PROBLEM DESCRIPTION: Tally the lines containing "unfolded" in this data. Respond with the tally alone.

DATA FOR THIS TASK:
lemma strong_independent_imp_uniquely_restricted:
  assumes "finite V" "\<forall>u\<in>V. closed_interval (I u)" "S \<subseteq> interval_edges V I"
    and "strong_independent (nest_arc (interval_edges V I) I) S"
  shows "uniquely_restricted_matching (interval_edges V I) S"
  using strong_independent_imp_matching[OF assms(3,4)] assms(4)
    distinct_matchings_double_arc[OF assms(1,2) strong_independent_imp_matching[OF assms(3,4)]]
  unfolding uniquely_restricted_matching_def strong_independent_def by metis

lemma uniquely_restricted_imp_strong_independent:
  assumes "uniquely_restricted_matching (interval_edges V I) S"
  shows "strong_independent (nest_arc (interval_edges V I) I) S"
  unfolding strong_independent_def
proof (intro ballI)
  fix e f assume ef: "e \<in> S" "f \<in> S"
  have S: "matching (interval_edges V I) S"
    using assms unfolding uniquely_restricted_matching_def by blast
  show "\<not> nest_arc (interval_edges V I) I e f \<or> \<not> nest_arc (interval_edges V I) I f e"
  proof (rule ccontr)
    assume "\<not> (\<not> nest_arc (interval_edges V I) I e f \<or> \<not> nest_arc (interval_edges V I) I f e)"
    then obtain e' f' where e'f': "e' \<in> interval_edges V I" "f' \<in> interval_edges V I"
      "e' \<inter> f' = {}" "e' \<union> f' = e \<union> f" and "e' \<notin> S"
      using double_arc_rematch[OF S ef] by blast
    have "S - {e, f} \<union> {e', f'} \<noteq> S" using \<open>e' \<notin> S\<close> by blast
    with matching_exchange[OF S ef e'f'] assms show False
      unfolding uniquely_restricted_matching_def by blast
  qed
qed
(* Let $X=\bigcup_{n\ge1}X_n$ be a positively graded set. The space $K[T_{\infty,X}]=\bigoplus_{n\ge1}K[T_{n,X}]$ of planar rooted trees with vertices coloured by $X$, with the operations $t\bullet_iw:=t\circ_iw$ (grafting), is a grafting algebra, and it is the free grafting algebra on $X$: for every grafting algebra $A$ and every map $\varphi:X\to A$ with $\varphi(X_n)\subseteq A_n$, there is a unique degree-preserving linear map $\Phi:K[T_{\infty,X}]\to A$ with $\Phi(t\circ_iw)=\Phi(t)\bullet_i\Phi(w)$ for all $t,w$ and $0\le i\le|w|$, and $\Phi(\mathfrak c_n,x)=\varphi(x)$ for $x\in X_n$. In particular the free grafting algebra on one generator of degree $1$ is spanned by planar binary rooted trees.
   Context: A preshuffle algebra is a graded vector space $A=\bigoplus_{n\ge0}A_n$ over a field $K$ with linear maps $\bullet_i:A_n\otimes A_m\to A_{n+m}$ for all $n,m\ge0$ and $0\le i\le m$, such that $(x\bullet_iy)\bullet_jz=x\bullet_{i+j}(y\bullet_jz)$ for all homogeneous $x,y,z$, $0\le i\le|y|$, $0\le j\le|z|$. A grafting algebra is a preshuffle algebra which moreover satisfies $x\bullet_i(y\bullet_jz)=y\bullet_{j+|x|}(x\bullet_iz)$ for all homogeneous $x,y,z$ and $0\le i<j\le|z|$. A planar rooted tree is a planar tree with a root, in which every internal vertex has at least two incoming edges and one outgoing edge; the leaves of a tree with $n+1$ leaves are numbered $0,\dots,n$ from left to right, and the tree has degree $n$ ($n\ge1$). $T_{n,X}$ is the set of planar rooted trees with $n+1$ leaves whose internal vertices are coloured by elements of $X$ so that a vertex with $k+1$ incoming edges is coloured by an element of $X_k$. For coloured trees $t,w$ and $0\le i\le|w|$, $t\circ_iw$ is the coloured tree obtained by attaching the root of $t$ to the $i$-th leaf of $w$; it has degree $|t|+|w|$. $(\mathfrak c_n,x)$ denotes the corolla with $n+1$ leaves and one vertex, coloured by $x\in X_n$. *)

theory Defs
  imports Main "HOL-Library.Function_Algebras"
begin

text \<open>The graded
space in the sense of the paper is the (direct) sum of the A n inside 'a.\<close>

definition graded_vs :: "('k::field \<Rightarrow> 'a::ab_group_add \<Rightarrow> 'a) \<Rightarrow> (nat \<Rightarrow> 'a set) \<Rightarrow> bool" where
  "graded_vs sc A \<longleftrightarrow>
     (\<forall>c x y. sc c (x + y) = sc c x + sc c y) \<and>
     (\<forall>c d x. sc (c + d) x = sc c x + sc d x) \<and>
     (\<forall>c d x. sc c (sc d x) = sc (c * d) x) \<and>
     (\<forall>x. sc 1 x = x) \<and>
     (\<forall>n. 0 \<in> A n \<and> (\<forall>x\<in>A n. \<forall>y\<in>A n. x + y \<in> A n) \<and> (\<forall>c. \<forall>x\<in>A n. sc c x \<in> A n)) \<and>
     (\<forall>N a. finite N \<longrightarrow> (\<forall>n\<in>N. a n \<in> A n) \<longrightarrow> (\<Sum>n\<in>N. a n) = 0 \<longrightarrow> (\<forall>n\<in>N. a n = 0))"
text \<open>For \<open>\<alpha> = (\<zeta>, 0, 0, \<dots>)\<close> the Szego recursion gives
  \<open>\<Phi>(k+1) = z^(k+1) - cnj \<zeta> z^k\<close>, so \<open>z^n \<Phi>(r) = \<Phi>(n+r)\<close> for \<open>r > 0\<close>, and
  the second formula is just orthogonality. Orthogonality of \<open>\<Phi>(k)\<close> and \<open>\<Phi>(0) = 1\<close>,
  in both orders, determines all moments: \<open>L(z^k) = cnj \<zeta>^k\<close> and \<open>L(z^-k) = \<zeta>^k\<close>.
  Hence \<open>\<langle>\<Phi>(a+1), z^j\<rangle>\<close> vanishes for \<open>j \<le> a\<close> and equals \<open>\<zeta>^(j-a-1) (1 - |\<zeta>|^2)\<close>
  otherwise, while \<open>\<langle>\<Phi>(k), \<Phi>(k)\<rangle> = 1 - |\<zeta>|^2 \<noteq> 0\<close> for \<open>k > 0\<close>.\<close>

definition laurent_monom :: "int \<Rightarrow> int \<Rightarrow> complex" where
  "laurent_monom m = (\<lambda>k. if k = m then 1 else 0)"

lemma laurent_monom_in_laurent: "laurent_monom m \<in> laurent"
  unfolding laurent_def laurent_monom_def by (auto intro: finite_subset[of _ "{m}"])

lemma mult_const_in_laurent: "p \<in> laurent \<Longrightarrow> (\<lambda>k. c * p k) \<in> laurent"
  unfolding laurent_def by (auto intro: finite_subset[of _ "{k. p k \<noteq> 0}"])

lemma sum_in_laurent:
  assumes "finite S" and "\<And>x. x \<in> S \<Longrightarrow> p x \<in> laurent"
  shows "(\<lambda>k. \<Sum>x\<in>S. p x k) \<in> laurent"
proof -
  have "{k. (\<Sum>x\<in>S. p x k) \<noteq> 0} \<subseteq> (\<Union>x\<in>S. {k. p x k \<noteq> 0})"
    by (auto elim: sum.not_neutral_contains_not_neutral)
  moreover have "finite (\<Union>x\<in>S. {k. p x k \<noteq> 0})"
    using assms unfolding laurent_def by blast
  ultimately show ?thesis
    unfolding laurent_def by (auto intro: finite_subset)
qed

lemma laurent_linear_add:
  "laurent_linear L \<Longrightarrow> p \<in> laurent \<Longrightarrow> q \<in> laurent \<Longrightarrow> L (\<lambda>k. p k + q k) = L p + L q"
  unfolding laurent_linear_def by blast

lemma laurent_linear_mult_const:
  "laurent_linear L \<Longrightarrow> p \<in> laurent \<Longrightarrow> L (\<lambda>k. c * p k) = c * L p"
  unfolding laurent_linear_def by blast

lemma laurent_linear_zero:
  assumes "laurent_linear L"
  shows "L (\<lambda>k. 0) = 0"
  using laurent_linear_mult_const[OF assms, of "\<lambda>k. 0" 0] by (simp add: laurent_def)

lemma laurent_linear_sum:
  assumes lin: "laurent_linear L" and "finite S" and "\<And>x. x \<in> S \<Longrightarrow> p x \<in> laurent"
  shows "L (\<lambda>k. \<Sum>x\<in>S. p x k) = (\<Sum>x\<in>S. L (p x))"
  using assms(2,3)
proof (induction S rule: finite_induct)
  case empty
  then show ?case using laurent_linear_zero[OF lin] by simp
next
  case (insert x F)
  have "L (\<lambda>k. \<Sum>y\<in>insert x F. p y k) = L (\<lambda>k. p x k + (\<Sum>y\<in>F. p y k))"
    using insert.hyps by simp
  also have "\<dots> = L (p x) + L (\<lambda>k. \<Sum>y\<in>F. p y k)"
    using insert by (intro laurent_linear_add[OF lin] sum_in_laurent) auto
  finally show ?case
    using insert by simp
qed

lemma lprod_eq_sum_laurent_monom:
  assumes "degree f \<le> A" and "degree g \<le> B"
  shows "lprod f g =
    (\<lambda>k. \<Sum>i\<le>A. \<Sum>j\<le>B. coeff f i * cnj (coeff g j) * laurent_monom (int i - int j) k)"
proof
  fix k
  have "lprod f g k =
      (\<Sum>i\<le>degree f. \<Sum>j\<le>degree g. coeff f i * cnj (coeff g j) * laurent_monom (int i - int j) k)"
    unfolding lprod_def laurent_monom_def by (intro sum.cong refl) auto
  also have "\<dots> =
      (\<Sum>i\<le>A. \<Sum>j\<le>degree g. coeff f i * cnj (coeff g j) * laurent_monom (int i - int j) k)"
    by (rule sum.mono_neutral_left) (use assms in \<open>auto simp: coeff_eq_0\<close>)
  also have "\<dots> = (\<Sum>i\<le>A. \<Sum>j\<le>B. coeff f i * cnj (coeff g j) * laurent_monom (int i - int j) k)"
    by (intro sum.cong refl sum.mono_neutral_left) (use assms in \<open>auto simp: coeff_eq_0\<close>)
  finally show "lprod f g k = \<dots>" .
qed
text \<open>With k = (k1, k2) the complement of the diagonal, k1 + k2 = 0 and
  k1\<dagger> k1 = k2\<dagger> k2 = 1/2. For d = 2 k1\<dagger> the map (k1 d, 1) is orthogonal to k, hence
  diagonal, so k1 d = 1 and k2 d = -1.\<close>

lemma neg_id_exists:
  assumes "ob Y"
  obtains n where "n \<in> hom C Y Y" "idm Y \<oplus> n = zr Y Y"
proof -
  obtain P s1 s2 where onb: "orthonormal_biproduct C Y Y P s1 (s1\<^sup>\<dagger>) s2 (s2\<^sup>\<dagger>)"
    using orthonormal_biproductE[OF assms assms] by blast
  note bp = orthonormal_biproductD[OF onb]
  note B = biproductD[OF bp]
  note [simp] = B(1-4)[unfolded in_hom_iff] B(9-11)
  have idY: "idm Y \<in> hom C Y Y" by (simp add: in_hom_iff)
  obtain \<Delta> where \<Delta>: "\<Delta> \<in> hom C Y P" "s1\<^sup>\<dagger> \<cdot> \<Delta> = idm Y" "s2\<^sup>\<dagger> \<cdot> \<Delta> = idm Y"
    using biproduct_pairE[OF bp idY idY] by blast
  obtain k where k: "is_kernel C (\<Delta>\<^sup>\<dagger>) k" "k\<^sup>\<dagger> \<cdot> k = idm (dm k)"
    using isometric_kernel_exists[of "\<Delta>\<^sup>\<dagger>"] \<Delta>(1) by (auto simp: in_hom_iff)
  define K k1 k2 where "K = dm k" and "k1 = s1\<^sup>\<dagger> \<cdot> k" and "k2 = s2\<^sup>\<dagger> \<cdot> k"
  have [simp]: "dm k = K" by (simp add: K_def)
  have [simp]: "arr k" "cd k = P"
    using is_kernelD[OF k(1)] \<Delta>(1) by (auto simp: in_hom_iff)
  have [simp]: "ob K" using obj_dom[of k] by simp
  have k1: "k1 \<in> hom C K Y" and k2: "k2 \<in> hom C K Y" by (simp_all add: k1_def k2_def in_hom_iff)
  note [simp] = k1[unfolded in_hom_iff] k2[unfolded in_hom_iff]
  have k1': "k1\<^sup>\<dagger> \<in> hom C Y K" by (simp add: in_hom_iff)
  have sums: "k1 \<oplus> k2 = zr K Y" "k1\<^sup>\<dagger> \<oplus> k2\<^sup>\<dagger> = zr Y K" "k1\<^sup>\<dagger> \<cdot> k1 \<oplus> k2\<^sup>\<dagger> \<cdot> k2 = idm K"
    using diagonal_kernel_components[OF onb \<Delta> k] by (simp_all add: k1_def k2_def)
  define a where "a = k1\<^sup>\<dagger> \<cdot> k1"
  have a: "a \<in> hom C K K" by (simp add: a_def in_hom_iff)
  have aa: "a \<oplus> a = idm K"
    using sums(3) star_comp_self_eq_of_hadd_zero[OF k1 k2 sums(1,2)] by (simp add: a_def)
  define d where "d = k1\<^sup>\<dagger> \<oplus> k1\<^sup>\<dagger>"
  have d: "d \<in> hom C Y K" using k1' by (simp add: d_def)
  note [simp] = d[unfolded in_hom_iff]
  have "a \<cdot> d = k1\<^sup>\<dagger>"
    using comp_hadd_distrib[OF k1' k1' a] hadd_comp_distrib[OF a a k1'] aa by (simp add: d_def)
  then have k1k1d: "k1\<^sup>\<dagger> \<cdot> k1 \<cdot> d = k1\<^sup>\<dagger>" by (simp add: a_def)
  have k1d: "k1 \<cdot> d \<in> hom C Y Y" by (simp add: in_hom_iff)
  obtain u where u: "u \<in> hom C Y P" "s1\<^sup>\<dagger> \<cdot> u = k1 \<cdot> d" "s2\<^sup>\<dagger> \<cdot> u = idm Y"
    using biproduct_pairE[OF bp k1d idY] by blast
  have "k\<^sup>\<dagger> \<in> hom C P K" by (simp add: in_hom_iff)
  from comp_eq_hadd_biproduct[OF bp u(1) this]
  have "k\<^sup>\<dagger> \<cdot> u = zr Y K"
    using u k1k1d sums(2) by (simp add: k1_def k2_def)
  then have "k1 \<cdot> d = idm Y"
    using components_eq_if_kernel_orthogonal[OF onb \<Delta> k u(1)] u by simp
  then have "idm Y \<oplus> k2 \<cdot> d = (k1 \<oplus> k2) \<cdot> d" using hadd_comp_distrib[OF k1 k2 d] by simp
  also have "\<dots> = zr Y Y" using sums(1) by simp
  finally show ?thesis using that[of "k2 \<cdot> d"] by (simp add: in_hom_iff)
qed

lemma neg_exists:
  assumes f: "f \<in> hom C X Y"
  shows "\<exists>g. g \<in> hom C X Y \<and> f \<oplus> g = zr X Y"
proof -
  have [simp]: "ob X" "ob Y" using hom_obj f by blast+
  obtain n where n: "n \<in> hom C Y Y" "idm Y \<oplus> n = zr Y Y" using neg_id_exists[OF \<open>ob Y\<close>] by blast
  have idY: "idm Y \<in> hom C Y Y" by (simp add: in_hom_iff)
  note [simp] = f[unfolded in_hom_iff] n(1)[unfolded in_hom_iff]
  have "f \<oplus> n \<cdot> f = zr X Y" using hadd_comp_distrib[OF idY n(1) f] n(2) by simp
  moreover have "n \<cdot> f \<in> hom C X Y" by (simp add: in_hom_iff)
  ultimately show ?thesis by blast
qed

lemma hneg:
  assumes f: "f \<in> hom C X Y"
  shows "hneg C f \<in> hom C X Y" "f \<oplus> hneg C f = zr X Y"
proof -
  have df: "dm f = X" "cd f = Y" using f by (simp_all add: in_hom_iff)
  have "\<exists>!g. g \<in> hom C X Y \<and> f \<oplus> g = zr X Y"
  proof -
    obtain g where g: "g \<in> hom C X Y" "f \<oplus> g = zr X Y" using neg_exists[OF f] by blast
    moreover have "g' = g" if "g' \<in> hom C X Y" "f \<oplus> g' = zr X Y" for g'
      using hadd_inverse_unique[OF that(1) g(1) f] hadd_commute f g that by metis
    ultimately show ?thesis by blast
  qed
  then have "hneg C f \<in> hom C X Y \<and> f \<oplus> hneg C f = zr X Y"
    unfolding hneg_def df by (rule theI')
  then show "hneg C f \<in> hom C X Y" "f \<oplus> hneg C f = zr X Y" by auto
qed

lemma hminus_hadd_cancel:
  assumes f: "f \<in> hom C X Y" and g: "g \<in> hom C X Y"
  shows "(f \<ominus> g) \<oplus> g = f"
proof -
  note n = hneg[OF g]
  have "(f \<ominus> g) \<oplus> g = f \<oplus> (g \<oplus> hneg C g)"
    unfolding hminus_def using hadd_assoc[OF f n(1) g] hadd_commute[OF g n(1)] by simp
  then show ?thesis using n(2) hadd_zmor_right[OF f] by simp
qed

lemma hminus_zmor:
  assumes f: "f \<in> hom C X Y"
  shows "f \<ominus> zr X Y = f"
proof -
  have [simp]: "ob X" "ob Y" using hom_obj f by blast+
  have "hneg C (zr X Y) = zr X Y"
    using hneg[of "zr X Y"] hadd_zmor_left[OF hneg(1)[of "zr X Y"]] by simp
  then show ?thesis unfolding hminus_def using hadd_zmor_right[OF f] by simp
qed

lemma hneg_unique:
  assumes "f \<in> hom C X Y" "g \<in> hom C X Y" "f \<oplus> g = zr X Y"
  shows "hneg C f = g"
  using hadd_inverse_unique[OF hneg(1) assms(2,1)] hneg[OF assms(1)] hadd_commute assms by metis

lemma hminus_hom [simp]: "f \<in> hom C X Y \<Longrightarrow> g \<in> hom C X Y \<Longrightarrow> f \<ominus> g \<in> hom C X Y"
  unfolding hminus_def using hneg(1) by simp

lemma hminus_self: "f \<in> hom C X Y \<Longrightarrow> f \<ominus> f = zr X Y"
  unfolding hminus_def using hneg(2) .

lemma eq_of_hminus_eq_zmor:
  assumes "f \<in> hom C X Y" "g \<in> hom C X Y" "f \<ominus> g = zr X Y"
  shows "f = g"
  using hminus_hadd_cancel[OF assms(1,2)] hadd_zmor_left[OF assms(2)] assms(3) by simp

lemma hminus_comp_distrib:
  assumes f: "f \<in> hom C X Y" and g: "g \<in> hom C X Y" and k: "k \<in> hom C W X"
  shows "(f \<ominus> g) \<cdot> k = (f \<cdot> k) \<ominus> (g \<cdot> k)"
proof -
  note n = hneg[OF g]
  have [simp]: "ob W" "ob Y" using hom_obj k g by blast+
  note [simp] = f[unfolded in_hom_iff] g[unfolded in_hom_iff] k[unfolded in_hom_iff]
    n(1)[unfolded in_hom_iff]
  have "hneg C (g \<cdot> k) = hneg C g \<cdot> k"
    using hneg_unique[of "g \<cdot> k" W Y "hneg C g \<cdot> k"] hadd_comp_distrib[OF g n(1) k] n(2)
    by (simp add: in_hom_iff)
  then show ?thesis unfolding hminus_def using hadd_comp_distrib[OF f n(1) k] by simp
qed

section \<open>Split monos and positive invertible elements\<close>

lemma split_mono_factorE:
  assumes w: "w \<in> hom C A Q" and l: "l \<in> hom C Q A" and lw: "l \<cdot> w = idm A"
  obtains M m h g where "m \<in> hom C M Q" "m\<^sup>\<dagger> \<cdot> m = idm M" "h \<in> hom C A M" "g \<in> hom C M A"
    "w = m \<cdot> h" "g \<cdot> h = idm A" "h \<cdot> g = idm M"
proof -
  note [simp] = w[unfolded in_hom_iff] l[unfolded in_hom_iff]
  have [simp]: "ob A" "ob Q" using hom_obj w by blast+
  have idQ: "idm Q \<in> hom C Q Q" and wl: "w \<cdot> l \<in> hom C Q Q" by (simp_all add: in_hom_iff)
  \<comment> \<open>E is idempotent and kills exactly the image of w, so its isometric kernel is an
    isometric copy of that image.\<close>
  define E where "E = idm Q \<ominus> w \<cdot> l"
  have E: "E \<in> hom C Q Q" unfolding E_def using idQ wl by simp
  have E_comp: "E \<cdot> x = x \<ominus> w \<cdot> l \<cdot> x" if "x \<in> hom C X Q" for x X
    using hminus_comp_distrib[OF idQ wl that] that by (simp add: E_def in_hom_iff)
  obtain m where m: "is_kernel C E m" "m\<^sup>\<dagger> \<cdot> m = idm (dm m)"
    using isometric_kernel_exists E by (auto simp: in_hom_iff)
  define M where "M = dm m"
  have [simp]: "dm m = M" by (simp add: M_def)
  have [simp]: "arr m" "cd m = Q" using is_kernelD[OF m(1)] E by (auto simp: in_hom_iff)
  have [simp]: "ob M" using obj_dom[of m] by simp
  have mh: "m \<in> hom C M Q" by (simp add: in_hom_iff)
  have "E \<cdot> w = zr A (cd E)"
    using E_comp[OF w] lw hminus_self[OF w] E by (simp add: in_hom_iff)
  moreover have "w \<in> hom C A (dm E)" using w E by (simp add: in_hom_iff)
  ultimately obtain h where h: "h \<in> hom C A (dm m)" "m \<cdot> h = w"
    using kernel_factorE[OF m(1)] by blast
  note [simp] = h(1)[unfolded in_hom_iff]
  have "m \<ominus> w \<cdot> l \<cdot> m = zr M Q"
    using E_comp[OF mh] is_kernelD[OF m(1)] E by (simp add: in_hom_iff)
  moreover have "w \<cdot> l \<cdot> m \<in> hom C M Q" by (simp add: in_hom_iff)
  ultimately have mwlm: "m = w \<cdot> l \<cdot> m" using eq_of_hminus_eq_zmor[OF mh] by blast
  define g where "g = l \<cdot> m"
  have "h \<cdot> g = m\<^sup>\<dagger> \<cdot> (m \<cdot> h) \<cdot> l \<cdot> m" using comp_reassoc[OF m(2)] by (simp add: g_def)
  also have "\<dots> = idm M" using h(2) mwlm[symmetric] m(2) by simp
  finally have "h \<cdot> g = idm M" .
  moreover have "g \<cdot> h = idm A" using h(2) lw by (simp add: g_def)
  moreover have "g \<in> hom C M A" "h \<in> hom C A M" "m\<^sup>\<dagger> \<cdot> m = idm M"
    using m(2) by (simp_all add: g_def in_hom_iff)
  ultimately show ?thesis using that[OF mh _ _ _ h(2)[symmetric]] by blast
qed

TASK RESULT: 8